Villa Repeta is a patrician villa in Campiglia dei Berici, province of Vicenza, northern Italy. It was built in 1672, substituting a pre-existing villa designed by Italian Renaissance architect Andrea Palladio about 1557 and destroyed by a fire.
The villa which Palladio built for Mario Repeta – or at least the initial results of his building campaign – was destroyed by fire at an unspecified date, sometime between 1640 and 1672, when it was replaced by the existing new edifice. Therefore, Palladio’s Villa Repeta, designed around 1557, can only be reconstructed on the basis of the plate in the I quattro libri dell'architettura, although recent studies have raised serious doubts that the engraving can effectively correspond to the project. Rather they suggest that this plate represents Palladio’s usual, a posteriori, theoretical, re-elaboration of an idea, which was in reality compromised by major pre-existing features.
In any case, the project remains extraordinary among Palladio’s output: the structure has a continuous, Doric order, portico of only one storey, which develops entirely horizontally around a rectangular courtyard.

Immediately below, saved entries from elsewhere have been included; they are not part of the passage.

text \<open>Sandwich: \<open>lap_right F = lap_right U - lap_right (U - F) = lap_right V + lap_right (F - V)\<close>.\<close>

lemma tendsto_lap_right_squeeze:
  fixes F :: "real \<Rightarrow> real"
  assumes F: "continuous_on {x..x+d} F" and d: "0 < d"
    and squeeze: "\<And>\<eta>. \<eta> > 0 \<Longrightarrow> \<exists>U V. continuous_on {x..x+d} U \<and> continuous_on {x..x+d} V \<and>
        ereal c \<le> Liminf at_top (\<lambda>s. ereal (lap_right U x d s)) \<and>
        Limsup at_top (\<lambda>s. ereal (lap_right V x d s)) \<le> ereal c \<and>
        (\<forall>\<^sub>F t in at_right 0. (U (x + t) - F (x + t)) - (U x - F x) \<le> \<eta> * t) \<and>
        (\<forall>\<^sub>F t in at_right 0. (F (x + t) - V (x + t)) - (F x - V x) \<le> \<eta> * t)"
  shows "((\<lambda>s. lap_right F x d s) \<longlongrightarrow> c) at_top"
  unfolding tendsto_iff dist_real_def
proof (intro allI impI)
  fix \<epsilon> :: real assume \<epsilon>: "\<epsilon> > 0"
  then obtain U V where U: "continuous_on {x..x+d} U" and V: "continuous_on {x..x+d} V"
    and LU: "ereal c \<le> Liminf at_top (\<lambda>s. ereal (lap_right U x d s))"
    and LV: "Limsup at_top (\<lambda>s. ereal (lap_right V x d s)) \<le> ereal c"
    and gU: "\<forall>\<^sub>F t in at_right 0. (U (x + t) - F (x + t)) - (U x - F x) \<le> \<epsilon>/2 * t"
    and gV: "\<forall>\<^sub>F t in at_right 0. (F (x + t) - V (x + t)) - (F x - V x) \<le> \<epsilon>/2 * t"
    using squeeze[of "\<epsilon>/2"] by auto
  have cUF: "continuous_on {x..x+d} (\<lambda>y. U y - F y)"
    by (intro continuous_intros U F)
  have cFV: "continuous_on {x..x+d} (\<lambda>y. F y - V y)"
    by (intro continuous_intros F V)
  have UF_small: "\<forall>\<^sub>F s in at_top. lap_right (\<lambda>y. U y - F y) x d s < \<epsilon>/2 + \<epsilon>/4"
    using Limsup_lap_right_le_if_growth[OF cUF d _ gU, unfolded Limsup_le_ereal_iff, rule_format, of "\<epsilon>/4"]
      \<epsilon> by simp
  have FV_small: "\<forall>\<^sub>F s in at_top. lap_right (\<lambda>y. F y - V y) x d s < \<epsilon>/2 + \<epsilon>/4"
    using Limsup_lap_right_le_if_growth[OF cFV d _ gV, unfolded Limsup_le_ereal_iff, rule_format, of "\<epsilon>/4"]
      \<epsilon> by simp
  have U_large: "\<forall>\<^sub>F s in at_top. c - \<epsilon>/4 < lap_right U x d s"
    using LU \<epsilon> unfolding ereal_le_Liminf_iff by simp
  have V_small: "\<forall>\<^sub>F s in at_top. lap_right V x d s < c + \<epsilon>/4"
    using LV \<epsilon> unfolding Limsup_le_ereal_iff by simp
  from UF_small FV_small U_large V_small show "\<forall>\<^sub>F s in at_top. \<bar>lap_right F x d s - c\<bar> < \<epsilon>"
  proof eventually_elim
    case (elim s)
    moreover have "lap_right (\<lambda>y. U y - F y) x d s = lap_right U x d s - lap_right F x d s"
      by (rule lap_right_diff[OF U F])
    moreover have "lap_right (\<lambda>y. F y - V y) x d s = lap_right F x d s - lap_right V x d s"
      by (rule lap_right_diff[OF F V])
    ultimately show ?case
      by (simp add: abs_less_iff)
  qed
qed

lemma growth_if_not_steep:
  fixes g :: "real \<Rightarrow> real"
  assumes mono: "mono_on {a..b} g" and x: "x \<in> {a<..<b}" and not_steep: "x \<notin> steep_points g \<eta>"
  shows "\<forall>\<^sub>F t in at_right 0. g (x + t) - g x \<le> \<eta> * t"
    and "\<forall>\<^sub>F t in at_right 0. g x - g (x - t) \<le> \<eta> * t"
proof -
  have "\<forall>\<^sub>F t in at_right 0. g (x + t) - g (x - t) \<le> \<eta> * t"
    using not_steep unfolding steep_points_def by (simp add: not_frequently not_less)
  moreover have "\<forall>\<^sub>F t in at_right 0. 0 < t \<and> t < min (x - a) (b - x)"
    unfolding eventually_at_right_field by (rule exI[of _ "min (x - a) (b - x)"]) (use x in simp)
  ultimately have "\<forall>\<^sub>F t in at_right 0. g (x + t) - g (x - t) \<le> \<eta> * t \<and> g (x - t) \<le> g x \<and> g x \<le> g (x + t)"
  proof eventually_elim
    case (elim t)
    with x mono_onD[OF mono, of "x - t" x] mono_onD[OF mono, of x "x + t"] show ?case
      by simp
  qed
  then show "\<forall>\<^sub>F t in at_right 0. g (x + t) - g x \<le> \<eta> * t"
    and "\<forall>\<^sub>F t in at_right 0. g x - g (x - t) \<le> \<eta> * t"
    by (eventually_elim, linarith)+
qed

The only vertical elements are the two dovecotes at the corners of the complex.
Without the usual hierarchical dialogue between a dominant manorial house and agricultural annexes, the design of the villa might represent the product of a precise initiative on the part of the patrons and reflect the heterodox and egalitarian ideas of the Repeta family (Mario Repeta was denounced to the Holy Office in 1569), restless protagonists in the public life of Vicenza during the 16th century.
The actual villa was built 1672 by Enea and Scipione Repeta.